Almost all of the elite members of the original wPDI formula appear at the top of the CSW version of the framework. That is hardly a coincidence, as four of the indexes are almost identical.

Andrew Kittredge and Sergio Romo are two relievers that seem to fall from the original list. The key difference can be found in their Outcome B component (out of zone, swung on, contact made). The aforementioned pair excel in generating swings out of the zone, albeit with contact. However, the quality of contact that they induce is superb. Kittredge and Romo sported hard hit contact rates of a 29% and 32% (respectively) in 2019. CSW does not look at any contact scenarios, whereas the original wPDI formula does.

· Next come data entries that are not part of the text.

(* Let $\mathcal{M}=(\mathcal{S},\mathcal{A},\mathcal{P},r,\gamma)$ be a finite MDP with $|\mathcal{S}|=S$, $|\mathcal{A}|=A$, $\gamma\in[0,1)$. Let $\mathcal{F}\subseteq\mathbb{R}^{SA}$ be closed, let $w\in\mathbb{R}^{SA}$ have strictly positive entries and $\|f\|_{w,1}:=\sum_{s,a}w(s,a)|f(s,a)|$. Let $\mu_0$ be a stationary policy and $f_0\in\mathcal{F}$ with $T_{\mu_0}f_0\geq f_0$. Let $(f_k)$, $(\mu_k)$ be generated by Reliable Policy Iteration with the norm $\|\cdot\|_{w,1}$: for $k=0,1,2,\dots$, $$f_{k+1}\in\arg\max_{f\in\mathcal{F}}\ \|f-f_k\|_{w,1}\quad\text{subject to}\quad T_{\mu_k} f\geq f\geq f_k,$$ and $\mu_{k+1}$ is a deterministic policy greedy with respect to $f_{k+1}$. Then for every $k\ge0$, $$f_{k+1}\in\arg\min_{f\in\mathcal{F}}\ \|f-Q_{\mu_k}\|_{w,1}\quad\text{subject to}\quad T_{\mu_k}f\geq f\geq f_k.$$
   Context: Functions $\mathcal{S}\times\mathcal{A}\to\mathbb{R}$ are identified with vectors in $\mathbb{R}^{SA}$. A stationary policy is a map $\mu:\mathcal{S}\to\Delta(\mathcal{A})$; its Q-value function is $Q_\mu(s,a)=\mathbb{E}[\sum_{t\ge0}\gamma^t r(s_t,a_t)\mid s_0=s,a_0=a]$ with $s_{t+1}\sim\mathcal{P}(\cdot|s_t,a_t)$, $a_{t+1}\sim\mu(\cdot|s_{t+1})$. The Bellman operator is $T_\mu Q(s,a)=r(s,a)+\gamma\sum_{s',a'}\mathcal{P}(s'|s,a)\mu(a'|s')Q(s',a')$. A deterministic policy $\mu$ is greedy with respect to $f$ if $\mu(s)\in\arg\max_a f(s,a)$ for all $s$. Vector inequalities are coordinate-wise. *)

theory Defs
  imports "HOL-Analysis.Analysis"
begin

text \<open>Q-functions are vectors
  in R^{SA}, represented as functions of type 's \<times> 'a \<Rightarrow> real (with the product
  topology, i.e. the Euclidean topology of R^{SA}). Transition kernel
  P s a s' = P(s'|s,a); a stationary policy mu s a = mu(a|s).\<close>

definition is_mdp :: "('s::finite \<Rightarrow> 'a::finite \<Rightarrow> 's \<Rightarrow> real) \<Rightarrow> real \<Rightarrow> bool" where
  "is_mdp P \<gamma> \<longleftrightarrow> (\<forall>s a s'. 0 \<le> P s a s') \<and> (\<forall>s a. (\<Sum>s'\<in>UNIV. P s a s') = 1)
     \<and> 0 \<le> \<gamma> \<and> \<gamma> < 1"

definition is_policy :: "('s::finite \<Rightarrow> 'a::finite \<Rightarrow> real) \<Rightarrow> bool" where
  "is_policy \<mu> \<longleftrightarrow> (\<forall>s a. 0 \<le> \<mu> s a) \<and> (\<forall>s. (\<Sum>a\<in>UNIV. \<mu> s a) = 1)"

definition Pmu :: "('s::finite \<Rightarrow> 'a::finite \<Rightarrow> 's \<Rightarrow> real) \<Rightarrow> ('s \<Rightarrow> 'a \<Rightarrow> real)
    \<Rightarrow> ('s \<times> 'a \<Rightarrow> real) \<Rightarrow> ('s \<times> 'a \<Rightarrow> real)" where
  "Pmu P \<mu> g = (\<lambda>(s,a). \<Sum>s'\<in>UNIV. \<Sum>a'\<in>UNIV. P s a s' * \<mu> s' a' * g (s',a'))"

definition bellman :: "('s::finite \<Rightarrow> 'a::finite \<Rightarrow> 's \<Rightarrow> real) \<Rightarrow> ('s \<times> 'a \<Rightarrow> real) \<Rightarrow> real
    \<Rightarrow> ('s \<Rightarrow> 'a \<Rightarrow> real) \<Rightarrow> ('s \<times> 'a \<Rightarrow> real) \<Rightarrow> ('s \<times> 'a \<Rightarrow> real)" where
  "bellman P r \<gamma> \<mu> Q = (\<lambda>sa. r sa + \<gamma> * Pmu P \<mu> Q sa)"

text \<open>Q-value function: Q_mu(s,a) = sum_t gamma^t E[r(s_t,a_t) | s_0=s, a_0=a],
  where E[r(s_t,a_t)|s_0=s,a_0=a] = (P_mu^t r)(s,a).\<close>
definition Qval :: "('s::finite \<Rightarrow> 'a::finite \<Rightarrow> 's \<Rightarrow> real) \<Rightarrow> ('s \<times> 'a \<Rightarrow> real) \<Rightarrow> real
    \<Rightarrow> ('s \<Rightarrow> 'a \<Rightarrow> real) \<Rightarrow> ('s \<times> 'a \<Rightarrow> real)" where
  "Qval P r \<gamma> \<mu> = (\<lambda>sa. \<Sum>t. \<gamma> ^ t * (Pmu P \<mu> ^^ t) r sa)"

definition wnorm1 :: "('s::finite \<times> 'a::finite \<Rightarrow> real) \<Rightarrow> ('s \<times> 'a \<Rightarrow> real) \<Rightarrow> real" where
  "wnorm1 w f = (\<Sum>sa\<in>UNIV. w sa * \<bar>f sa\<bar>)"

definition greedy_det :: "('s::finite \<Rightarrow> 'a::finite \<Rightarrow> real) \<Rightarrow> ('s \<times> 'a \<Rightarrow> real) \<Rightarrow> bool" where
  "greedy_det \<mu> f \<longleftrightarrow> (\<exists>d::'s \<Rightarrow> 'a.
      (\<forall>s a. \<mu> s a = (if a = d s then 1 else 0)) \<and> (\<forall>s a. f (s,a) \<le> f (s, d s)))"

end

theory Submission
  imports Defs
begin

text \<open>Every subsolution g \<le> T_mu g lies below Q_mu: iterating the monotone map T_mu gives
  g \<le> (\<Sum>t<n. \<gamma>^t P_mu^t r) + \<gamma>^n P_mu^n g, and the right-hand side tends to Q_mu.
  Hence f_(k+1) and every feasible g lie in the order interval [f_k, Q_mu_k]. On such an
  interval the weighted l1 distance is additive, |Q - f_k| = |Q - g| + |g - f_k|, so a point
  farthest from f_k is nearest to Q_mu_k. Closedness of F, positivity of w and the
  hypotheses on f_0 only matter for the iterates to exist; the argument does not use them.\<close>

lemma Pmu_add: "Pmu P \<mu> (\<lambda>x. g x + h x) = (\<lambda>x. Pmu P \<mu> g x + Pmu P \<mu> h x)"
  by (rule ext) (auto simp: Pmu_def distrib_left sum.distrib)

lemma Pmu_mult: "Pmu P \<mu> (\<lambda>x. c * g x) = (\<lambda>x. c * Pmu P \<mu> g x)"
  by (rule ext) (auto simp: Pmu_def sum_distrib_left mult_ac)

lemma funpow_Pmu_add:
  "(Pmu P \<mu> ^^ n) (\<lambda>x. g x + h x) = (\<lambda>x. (Pmu P \<mu> ^^ n) g x + (Pmu P \<mu> ^^ n) h x)"
  by (induction n) (auto simp: Pmu_add)

lemma funpow_Pmu_mult: "(Pmu P \<mu> ^^ n) (\<lambda>x. c * g x) = (\<lambda>x. c * (Pmu P \<mu> ^^ n) g x)"
  by (induction n) (auto simp: Pmu_mult)

lemma abs_le_sum_abs_UNIV: "\<bar>g y\<bar> \<le> (\<Sum>z\<in>UNIV. \<bar>g z\<bar>)" for g :: "'b::finite \<Rightarrow> real"
  by (rule member_le_sum[of y UNIV "\<lambda>z. \<bar>g z\<bar>"]) auto

lemma greedy_det_is_policy: "greedy_det \<mu> f \<Longrightarrow> is_policy \<mu>"
  unfolding greedy_det_def is_policy_def by auto

context
  fixes P :: "'s::finite \<Rightarrow> 'a::finite \<Rightarrow> 's \<Rightarrow> real" and \<mu> :: "'s \<Rightarrow> 'a \<Rightarrow> real"
  assumes P_nonneg: "\<And>s a s'. 0 \<le> P s a s'"
    and P_sum: "\<And>s a. (\<Sum>s'\<in>UNIV. P s a s') = 1"
    and policy: "is_policy \<mu>"
begin

lemma Pmu_const: "Pmu P \<mu> (\<lambda>_. c) = (\<lambda>_. c)"
proof -
  have "(\<Sum>s'\<in>UNIV. \<Sum>a'\<in>UNIV. P s a s' * \<mu> s' a' * c) = c" for s a
    using policy P_sum
    by (simp add: is_policy_def flip: sum_distrib_left sum_distrib_right mult.assoc)
  then show ?thesis
    by (auto simp: Pmu_def)
qed

lemma Pmu_mono: "g \<le> h \<Longrightarrow> Pmu P \<mu> g \<le> Pmu P \<mu> h"
  using P_nonneg policy
  by (auto simp: Pmu_def le_fun_def is_policy_def intro!: sum_mono mult_left_mono)

lemma funpow_Pmu_mono: "g \<le> h \<Longrightarrow> (Pmu P \<mu> ^^ n) g \<le> (Pmu P \<mu> ^^ n) h"
  by (induction n) (auto intro: Pmu_mono)

lemma funpow_Pmu_const: "(Pmu P \<mu> ^^ n) (\<lambda>_. c) = (\<lambda>_. c)"
  by (induction n) (auto simp: Pmu_const)

lemma abs_funpow_Pmu_le:
  assumes "\<And>y. \<bar>g y\<bar> \<le> B"
  shows "\<bar>(Pmu P \<mu> ^^ n) g x\<bar> \<le> B"
proof -
  have "- B \<le> g y" "g y \<le> B" for y
    using assms[of y] by linarith+
  then have lower: "(\<lambda>_. - B) \<le> g" and upper: "g \<le> (\<lambda>_. B)"
    by (simp_all add: le_fun_def)
  have "(\<lambda>_. - B) \<le> (Pmu P \<mu> ^^ n) g"
    using funpow_Pmu_mono[OF lower] by (simp only: funpow_Pmu_const)
  moreover have "(Pmu P \<mu> ^^ n) g \<le> (\<lambda>_. B)"
    using funpow_Pmu_mono[OF upper] by (simp only: funpow_Pmu_const)
  ultimately show ?thesis
    using le_funD[of _ _ x] by (metis abs_le_iff minus_le_iff)
qed

lemma abs_discounted_funpow_Pmu_le:
  assumes "0 \<le> \<gamma>" "\<And>y. \<bar>g y\<bar> \<le> B"
  shows "\<bar>\<gamma> ^ n * (Pmu P \<mu> ^^ n) g x\<bar> \<le> B * \<gamma> ^ n"
proof -
  have "\<bar>(Pmu P \<mu> ^^ n) g x\<bar> \<le> B"
    using assms(2) by (rule abs_funpow_Pmu_le)
  then show ?thesis
    using assms(1) by (auto simp: abs_mult mult.commute[of "\<gamma> ^ n"] intro: mult_right_mono)
qed

lemma Qval_sums:
  assumes "0 \<le> \<gamma>" "\<gamma> < 1"
  shows "(\<lambda>t. \<gamma> ^ t * (Pmu P \<mu> ^^ t) r x) sums Qval P r \<gamma> \<mu> x"
proof -
  have "summable (\<lambda>t. (\<Sum>z\<in>UNIV. \<bar>r z\<bar>) * \<gamma> ^ t)"
    using assms by (intro summable_mult summable_geometric) auto
  moreover have "norm (\<gamma> ^ t * (Pmu P \<mu> ^^ t) r x) \<le> (\<Sum>z\<in>UNIV. \<bar>r z\<bar>) * \<gamma> ^ t" for t
    unfolding real_norm_def using assms(1) abs_le_sum_abs_UNIV
    by (rule abs_discounted_funpow_Pmu_le)
  ultimately have "summable (\<lambda>t. \<gamma> ^ t * (Pmu P \<mu> ^^ t) r x)"
    by (rule summable_comparison_test')
  then show ?thesis
    unfolding Qval_def by (rule summable_sums)
qed

lemma sub_bellman_le_partial_sums:
  assumes "0 \<le> \<gamma>" and sub: "g \<le> bellman P r \<gamma> \<mu> g"
  shows "g x \<le> (\<Sum>t<n. \<gamma> ^ t * (Pmu P \<mu> ^^ t) r x) + \<gamma> ^ n * (Pmu P \<mu> ^^ n) g x"
proof (induction n)
  case 0
  then show ?case by simp
next
  case (Suc n)
  let ?M = "Pmu P \<mu>"
  have "(?M ^^ n) g \<le> (?M ^^ n) (\<lambda>y. r y + \<gamma> * ?M g y)"
    using sub unfolding bellman_def by (rule funpow_Pmu_mono)
  also have "\<dots> = (\<lambda>y. (?M ^^ n) r y + \<gamma> * (?M ^^ Suc n) g y)"
    by (simp add: funpow_Pmu_add funpow_Pmu_mult funpow_Suc_right del: funpow.simps)
  finally have "(?M ^^ n) g x \<le> (?M ^^ n) r x + \<gamma> * (?M ^^ Suc n) g x"
    by (rule le_funD)
  then have "\<gamma> ^ n * (?M ^^ n) g x \<le> \<gamma> ^ n * ((?M ^^ n) r x + \<gamma> * (?M ^^ Suc n) g x)"
    using assms(1) by (simp add: mult_left_mono)
  also have "\<dots> = \<gamma> ^ n * (?M ^^ n) r x + \<gamma> ^ Suc n * (?M ^^ Suc n) g x"
    by (simp add: algebra_simps)
  finally show ?case
    using Suc by simp
qed

lemma sub_bellman_le_Qval:
  assumes "0 \<le> \<gamma>" "\<gamma> < 1" and sub: "g \<le> bellman P r \<gamma> \<mu> g"
  shows "g \<le> Qval P r \<gamma> \<mu>"
proof (rule le_funI)
  fix x
  let ?M = "Pmu P \<mu>"
  have "(\<lambda>n. \<Sum>t<n. \<gamma> ^ t * (?M ^^ t) r x) \<longlonglongrightarrow> Qval P r \<gamma> \<mu> x"
    using Qval_sums[OF assms(1,2)] by (simp add: sums_def)
  moreover have "(\<lambda>n. \<gamma> ^ n * (?M ^^ n) g x) \<longlonglongrightarrow> 0"
  proof (rule Lim_null_comparison)
    show "\<forall>\<^sub>F n in sequentially. norm (\<gamma> ^ n * (?M ^^ n) g x) \<le> (\<Sum>z\<in>UNIV. \<bar>g z\<bar>) * \<gamma> ^ n"
      unfolding real_norm_def using assms(1) abs_le_sum_abs_UNIV
      by (intro always_eventually allI abs_discounted_funpow_Pmu_le)
    show "(\<lambda>n. (\<Sum>z\<in>UNIV. \<bar>g z\<bar>) * \<gamma> ^ n) \<longlonglongrightarrow> 0"
      using assms(1,2) by (intro tendsto_mult_right_zero LIMSEQ_power_zero) auto
  qed
  ultimately have "(\<lambda>n. (\<Sum>t<n. \<gamma> ^ t * (?M ^^ t) r x) + \<gamma> ^ n * (?M ^^ n) g x)
      \<longlonglongrightarrow> Qval P r \<gamma> \<mu> x"
    using tendsto_add by fastforce
  then show "g x \<le> Qval P r \<gamma> \<mu> x"
    by (rule LIMSEQ_le_const) (blast intro: sub_bellman_le_partial_sums[OF assms(1) sub])
qed

end

lemma wnorm1_minus_commute: "wnorm1 w (f - g) = wnorm1 w (g - f)"
  unfolding wnorm1_def by (simp add: abs_minus_commute)

lemma wnorm1_chain_add:
  assumes "a \<le> h" "h \<le> q"
  shows "wnorm1 w (q - a) = wnorm1 w (q - h) + wnorm1 w (h - a)"
proof -
  have "\<bar>q x - a x\<bar> = \<bar>q x - h x\<bar> + \<bar>h x - a x\<bar>" for x
    using le_funD[OF assms(1), of x] le_funD[OF assms(2), of x] by simp
  then show ?thesis
    unfolding wnorm1_def by (simp add: distrib_left sum.distrib)
qed

lemma wnorm1_farthest_from_lower_is_nearest_to_upper:
  assumes "a \<le> h" "h \<le> q" "a \<le> g" "g \<le> q"
    and "wnorm1 w (g - a) \<le> wnorm1 w (h - a)"
  shows "wnorm1 w (h - q) \<le> wnorm1 w (g - q)"
  using wnorm1_chain_add[OF assms(1,2), of w] wnorm1_chain_add[OF assms(3,4), of w] assms(5)
  by (simp add: wnorm1_minus_commute[of w h] wnorm1_minus_commute[of w g])

theorem theorem3:
  fixes P :: "'s::finite \<Rightarrow> 'a::finite \<Rightarrow> 's \<Rightarrow> real"
    and r :: "'s \<times> 'a \<Rightarrow> real" and \<gamma> :: real
    and F :: "('s \<times> 'a \<Rightarrow> real) set"
    and w :: "'s \<times> 'a \<Rightarrow> real"
    and f :: "nat \<Rightarrow> 's \<times> 'a \<Rightarrow> real"
    and \<mu> :: "nat \<Rightarrow> 's \<Rightarrow> 'a \<Rightarrow> real"
  assumes mdp: "is_mdp P \<gamma>"
    and closedF: "closed F"
    and wpos: "\<forall>sa. 0 < w sa"
    and mu0: "is_policy (\<mu> 0)"
    and f0: "f 0 \<in> F"
    and init: "f 0 \<le> bellman P r \<gamma> (\<mu> 0) (f 0)"
    and rpi: "\<forall>k. f (Suc k) \<in> F
              \<and> f (Suc k) \<le> bellman P r \<gamma> (\<mu> k) (f (Suc k)) \<and> f k \<le> f (Suc k)
              \<and> (\<forall>g\<in>F. g \<le> bellman P r \<gamma> (\<mu> k) g \<and> f k \<le> g
                   \<longrightarrow> wnorm1 w (g - f k) \<le> wnorm1 w (f (Suc k) - f k))"
    and greedy: "\<forall>k. greedy_det (\<mu> (Suc k)) (f (Suc k))"
  shows "\<forall>k. f (Suc k) \<in> F
              \<and> f (Suc k) \<le> bellman P r \<gamma> (\<mu> k) (f (Suc k)) \<and> f k \<le> f (Suc k)
              \<and> (\<forall>g\<in>F. g \<le> bellman P r \<gamma> (\<mu> k) g \<and> f k \<le> g
                   \<longrightarrow> wnorm1 w (f (Suc k) - Qval P r \<gamma> (\<mu> k))
                       \<le> wnorm1 w (g - Qval P r \<gamma> (\<mu> k)))"
proof (intro allI conjI ballI impI)
  fix k
  have policy: "is_policy (\<mu> k)"
    using mu0 greedy greedy_det_is_policy by (cases k) auto
  have le_Qval: "h \<le> bellman P r \<gamma> (\<mu> k) h \<Longrightarrow> h \<le> Qval P r \<gamma> (\<mu> k)" for h
    using mdp policy by (intro sub_bellman_le_Qval) (auto simp: is_mdp_def)
  show "f (Suc k) \<in> F"
    using rpi by blast
  show step: "f (Suc k) \<le> bellman P r \<gamma> (\<mu> k) (f (Suc k))" "f k \<le> f (Suc k)"
    using rpi by blast+
  fix g
  assume "g \<in> F" and g: "g \<le> bellman P r \<gamma> (\<mu> k) g \<and> f k \<le> g"
  then have farthest: "wnorm1 w (g - f k) \<le> wnorm1 w (f (Suc k) - f k)"
    using rpi by blast
  show "wnorm1 w (f (Suc k) - Qval P r \<gamma> (\<mu> k)) \<le> wnorm1 w (g - Qval P r \<gamma> (\<mu> k))"
    using step(2) le_Qval[OF step(1)] conjunct2[OF g] le_Qval[OF conjunct1[OF g]] farthest
    by (rule wnorm1_farthest_from_lower_is_nearest_to_upper)
qed

end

For completion, as far as starting pitchers go – Stephen Strasberg, Zac Gallen and Mike Clevinger are the notable starting pitchers who fall from the original wPDI formula. The reasoning for their departure is in their Component E (in zone, swung on, contact made). The trio excelled at limiting contact in the zone (exceptionally low values of Component E), which was represented as a larger factor in the original formula. CSW does not distinguish between contact in and out of the zone.

Let’s now take a look at the residuals between CSW and its equation approximation, which is the main subject of today’s discussion.

Over-Fitters

Below are the pitchers who exhibit with the largest difference between wPDICSW to pure CSW, i.e. the over-fitters.

2019 wPDICSW Over-Fitters
Player IP wPDICSW CSW Diff
Reggie McClain 21.0 .253 .220 +.033
Carl Edwards Jr. 17.0 .281 .251 +.029
Ervin Santana 13.3 .213 .184 +.029
Pedro Payano 22.0 .298 .273 +.025
Jimmy Cordero 37.3 .323 .299 +.024
Jordan Hicks 28.7 .331 .308 +.023
Jose Alvarado 30.0 .317 .295 +.022
Mike Mayers 19.0 .296 .275 +.021
Wandy Peralta 39.7 .307 .288 +.020
Ian Gibaut 14.3 .279 .260 +.019
Jace Fry 55.0 .320 .301 +.019
Jose Quijada 29.7 .309 .291 +.019
D.J. Johnson 25.0 .305 .286 +.018
Justin Wilson 39.0 .282 .264 +.018
Trevor Rosenthal 15.3 .287 .269 +.018
Luis Garcia 62.0 .299 .281 +.018
Zac Rosscup 18.0 .341 .323 +.018
Geoff Hartlieb 35.0 .262 .244 +.018
Justin Anderson 47.0 .277 .259 +.017
Juan Minaya 27.7 .277 .259 +.017
Conner Menez 17.0 .308 .292 +.017
Andres Munoz 23.0 .322 .305 +.017
Joshua James 61.3 .336 .320 +.016
Tayron Guerrero 46.0 .268 .252 +.016
Tanner Scott 26.3 .298 .283 +.015
Wade Davis 42.7 .273 .257 +.015
Francisco Liriano 70.0 .299 .284 +.014
Dominic Leone 40.7 .289 .274 +.014
Reed Garrett 15.3 .221 .207 +.014
Kyle Zimmer 18.3 .262 .248 +.014
Austin Adams 16.7 .271 .258 +.013
Ray Black 16.0 .318 .305 +.013
Kyle Bird 12.7 .284 .271 +.013
Kevin Ginkel 24.3 .300 .288 +.012
Nick Goody 40.7 .303 .291 +.012
Brandon Brennan 47.3 .314 .302 +.012
Blake Treinen 58.7 .279 .267 +.012
Lou Trivino 60.0 .292 .281 +.012
Corbin Burnes 49.0 .340 .329 +.012
Jake Diekman 62.0 .347 .335 +.011
Minimum 250 pitches thrown in 2019.

The first item that jumps out to me is that these are primarily relievers, or more notably – those with few innings pitched on the season. Jace Fry, Luis Garcia, Joshua James, and Francisco Liriano have the largest differences of players with more than 50 innings, but all still have 70 innings or fewer. The top two pitchers with at least 100 innings were Dakota Hudson (+.009) and Blake Snell (+.007).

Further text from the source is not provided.